Using Flatson

Using Flatson is simple, you just need some JSON data to flatten and its JSON schema. Flatson will use the information from the schema to understand the structure of your object, which makes the flattening easier and more predictable.

Note

If you don’t have the JSON schema for the data you want to flatten, you can use a tool to generate a JSON schema for your data, like Skinfer or http://jsonschema.net.

Walk-through with an example

Say you have the following JSON schema in a file named schemafile.json:

{
    "$schema": "http://json-schema.org/draft-04/schema",
    "type": "object",
    "properties": {
        "name": {"type": "string"},
        "age": {"type": "number"},
        "address": {
            "type": "object",
            "properties": {"city": {"type": "string"}, "street": {"type": "string"}}
        },
        "skills": {"type": "array", "items": {"type": "string"}}
    }
}

You can instantiate the Flatson class for this schemafile like this:

>>> from flatson import Flatson
>>> f = Flatson.fromschemafile('schemafile.json')
>>> f.fieldnames
['address.city', 'address.street', 'age', 'name', 'skills']

Note how Flatson has inferred the flattened field names, which you can access through the fieldnames property.

Let’s test it with some sample data:

>>> sample = {
            "name": "Claudio", "age": 42,
            "address": {"city": "Paris", "street": "Rue de Sevres"},
            "skills": ["hacking", "soccer"]}
>>> f.flatten(sample)
['Paris', 'Rue de Sevres', 42, 'Claudio', '["hacking","soccer"]']

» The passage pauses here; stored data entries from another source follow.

(* Let $(\Omega,\mathcal{F},\mathbb{P})$ be a probability space, $\rho$ a random variable with $\rho>0$ a.s. and $\mathbb{E}[\rho]<\infty$, $\delta:=\mathbb{E}[\rho]$, $A$ a random variable, and $C$ a bivariate copula. Assume the conditional distribution of $\rho$ given $A$ is continuous and the distribution of $A$ is continuous. Let $\alpha\in(0,1)$, $x>0$, and $V(X):=F_X^{-1}(\alpha)$ (the $\alpha$-quantile given by the right-continuous quantile function; equivalently $m$ is the point mass at $\alpha$). Define $Z:=C_{1|2}^{-1}\big(1-F_{\rho|A}(\rho,A),F_A(A)\big)$, $\varphi(z):=\mathbb{E}[\rho\mid Z=z]$ for $z\in(0,1)$, $\tilde\zeta(c):=m([c,1])/\int_c^1\varphi(z)\,dz=\mathbf{1}_{\{c\le\alpha\}}/\int_c^1\varphi(z)\,dz$ for $c\in(0,1)$, and $\tilde\gamma^*:=\sup_{c\in(0,1)}\tilde\zeta(c)$. Then $\tilde\gamma^*=\tilde\zeta(\alpha)>1/\delta$, and $X^*:=k^*\mathbf{1}_{\{Z\ge\alpha\}}$ with $k^*:=x/\mathbb{E}[\rho\mathbf{1}_{\{Z\ge\alpha\}}]$ is optimal for the problem of maximizing $V(X)$ subject to $\mathbb{E}[\rho X]\le x$, $X\ge0$, and $\mathbb{P}(X\le y,A\le a)=C(F_X(y),F_A(a))$ for all $y,a\in\mathbb{R}$.
   Context: For random variables $Y_1,Y_2$, $F_{Y_1|Y_2}(\cdot,y_2)$ is the conditional CDF of $Y_1$ given $Y_2=y_2$; $F_A$ is the CDF of $A$. $C_{1|2}^{-1}(\cdot,v)$ is the right-continuous conditional quantile function of the first component of a random vector with distribution $C$ given that the second component equals $v$. $F_X^{-1}$ is the right-continuous quantile function of $X$. *)

theory Defs
  imports "HOL-Probability.Probability"
begin

definition cdf_rv :: "'a measure \<Rightarrow> ('a \<Rightarrow> real) \<Rightarrow> real \<Rightarrow> real" where
  "cdf_rv M X y = measure M {w \<in> space M. X w \<le> y}"

definition rquantile :: "(real \<Rightarrow> real) \<Rightarrow> real \<Rightarrow> real" where
  "rquantile F t = Inf {y. F y > t}"

definition copula :: "(real \<Rightarrow> real \<Rightarrow> real) \<Rightarrow> bool" where
  "copula C \<longleftrightarrow>
     (\<forall>u\<in>{0..1}. C u 0 = 0 \<and> C 0 u = 0 \<and> C u 1 = u \<and> C 1 u = u) \<and>
     (\<forall>u1\<in>{0..1}. \<forall>u2\<in>{0..1}. \<forall>v1\<in>{0..1}. \<forall>v2\<in>{0..1}.
        u1 \<le> u2 \<longrightarrow> v1 \<le> v2 \<longrightarrow> C u2 v2 - C u2 v1 - C u1 v2 + C u1 v1 \<ge> 0)"

text \<open>F is a (regular) conditional CDF of Y given X under M:
  F y x = P(Y \<le> y | X = x).\<close>
definition is_cond_cdf ::
  "'a measure \<Rightarrow> ('a \<Rightarrow> real) \<Rightarrow> ('a \<Rightarrow> real) \<Rightarrow> (real \<Rightarrow> real \<Rightarrow> real) \<Rightarrow> bool" where
  "is_cond_cdf M Y X F \<longleftrightarrow>
     (\<forall>x. mono (\<lambda>y. F y x)) \<and>
     (\<forall>x y. continuous (at_right y) (\<lambda>y. F y x)) \<and>
     (\<forall>x. ((\<lambda>y. F y x) \<longlongrightarrow> 0) at_bot) \<and>
     (\<forall>x. ((\<lambda>y. F y x) \<longlongrightarrow> 1) at_top) \<and>
     (\<forall>y. (\<lambda>x. F y x) \<in> borel_measurable borel) \<and>
     (\<forall>y a. measure M {w \<in> space M. Y w \<le> y \<and> X w \<le> a}
              = (\<integral>w. indicator {..a} (X w) * F y (X w) \<partial>M))"

text \<open>C12 u v is a (regular) conditional CDF of the first component given
  that the second component equals v, for a random vector (U,V) with distribution
  function C (V is uniform on [0,1] since C is a copula).\<close>
definition is_copula_cond_cdf ::
  "(real \<Rightarrow> real \<Rightarrow> real) \<Rightarrow> (real \<Rightarrow> real \<Rightarrow> real) \<Rightarrow> bool" where
  "is_copula_cond_cdf C C12 \<longleftrightarrow>
     (\<forall>v\<in>{0..1}. mono (\<lambda>u. C12 u v)) \<and>
     (\<forall>v\<in>{0..1}. \<forall>u. continuous (at_right u) (\<lambda>u. C12 u v)) \<and>
     (\<forall>v\<in>{0..1}. \<forall>u. u < 0 \<longrightarrow> C12 u v = 0) \<and>
     (\<forall>v\<in>{0..1}. \<forall>u. 1 \<le> u \<longrightarrow> C12 u v = 1) \<and>
     (\<forall>u. (\<lambda>v. C12 u v) \<in> borel_measurable borel) \<and>
     (\<forall>u\<in>{0..1}. \<forall>v\<in>{0..1}. C u v = (LBINT t:{0..v}. C12 u t))"

definition cond_quantile :: "(real \<Rightarrow> real \<Rightarrow> real) \<Rightarrow> real \<Rightarrow> real \<Rightarrow> real" where
  "cond_quantile C12 t v = rquantile (\<lambda>u. C12 u v) t"

definition feasible ::
  "'a measure \<Rightarrow> ('a \<Rightarrow> real) \<Rightarrow> ('a \<Rightarrow> real) \<Rightarrow> (real \<Rightarrow> real \<Rightarrow> real) \<Rightarrow> real
     \<Rightarrow> ('a \<Rightarrow> real) \<Rightarrow> bool" where
  "feasible M \<rho> A C x X \<longleftrightarrow>
     X \<in> borel_measurable M \<and>
     (AE w in M. 0 \<le> X w) \<and>
     (\<integral>\<^sup>+ w. ennreal (\<rho> w * X w) \<partial>M) \<le> ennreal x \<and>
     (\<forall>y a. measure M {w \<in> space M. X w \<le> y \<and> A w \<le> a}
              = C (cdf_rv M X y) (cdf_rv M A a))"

end

theory Submission
  imports Defs
begin

(*
  Write UA = F_A(A) and Urho = F_{rho|A}(rho, A). Both are uniform and Urho is independent of A
  (given A, it is the probability integral transform of rho), so Z = C_{1|2}^{-1}(1 - Urho, UA) is
  uniform and (Z, A) has copula C; this makes Xstar feasible with V(Xstar) = kstar.

  Conversely, the copula constraint fixes the joint law of (X, A) to be that of (Z', A) for some Z'
  with (Z', A) ~ C, so F_X(y) <= alpha implies P(alpha <= Z, A in B) <= P(y < X, A in B) for every
  Borel B. Since Z is decreasing in rho for fixed A, the event {alpha <= Z} is a Neyman-Pearson
  region {rho <= r(A)}, whence E[rho 1{alpha <= Z}] <= E[rho 1{y < X}]. Markov's inequality turns
  the budget E[rho X] <= x into y E[rho 1{y < X}] <= x, so y <= x / E[rho 1{alpha <= Z}] = kstar.
  The claims on zeta follow from the strict monotonicity of c |-> int_c^1 phi = E[rho 1{c <= Z}].
*)

lemma cdf_rv_eq_cdf:
  assumes "X \<in> borel_measurable M"
  shows "cdf_rv M X = cdf (distr M borel X)"
  unfolding cdf_rv_def cdf_def using assms
  by (auto simp: measure_distr intro!: ext arg_cong[where f="measure M"])

lemma mono_tendsto_at_bot_le:
  fixes F :: "real \<Rightarrow> real"
  assumes "mono F" "(F \<longlongrightarrow> l) at_bot"
  shows "l \<le> F y"
proof (rule tendsto_le[OF _ tendsto_const assms(2)])
  show "\<forall>\<^sub>F x in at_bot. F x \<le> F y"
    using assms(1) by (auto simp: eventually_at_bot_linorder mono_def intro!: exI[of _ y])
qed simp

lemma mono_tendsto_at_top_ge:
  fixes F :: "real \<Rightarrow> real"
  assumes "mono F" "(F \<longlongrightarrow> l) at_top"
  shows "F y \<le> l"
proof (rule tendsto_le[OF _ assms(2) tendsto_const])
  show "\<forall>\<^sub>F x in at_top. F y \<le> F x"
    using assms(1) by (auto simp: eventually_at_top_linorder mono_def intro!: exI[of _ y])
qed simp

There are a couple of things to note here:

  1. the flatten() method simply returns a list of simple objects
  2. the array is by default serialized as a JSON string

Note

Array serialization is a topic apart, for now it suffices to say that if you don’t like this default behavior, there are other options you can configure through the schema, you can even register your own serialization methods if you like.

Say you actually want a Python dict instead of a list, no worries, just use flatten_dict():

>>> f.flatten_dict(sample)
OrderedDict([('address.city', 'Paris'), ('address.street', 'Rue de Sevres'), ('age', 42), ('name', 'Claudio'), ('skills', '["hacking","soccer"]')])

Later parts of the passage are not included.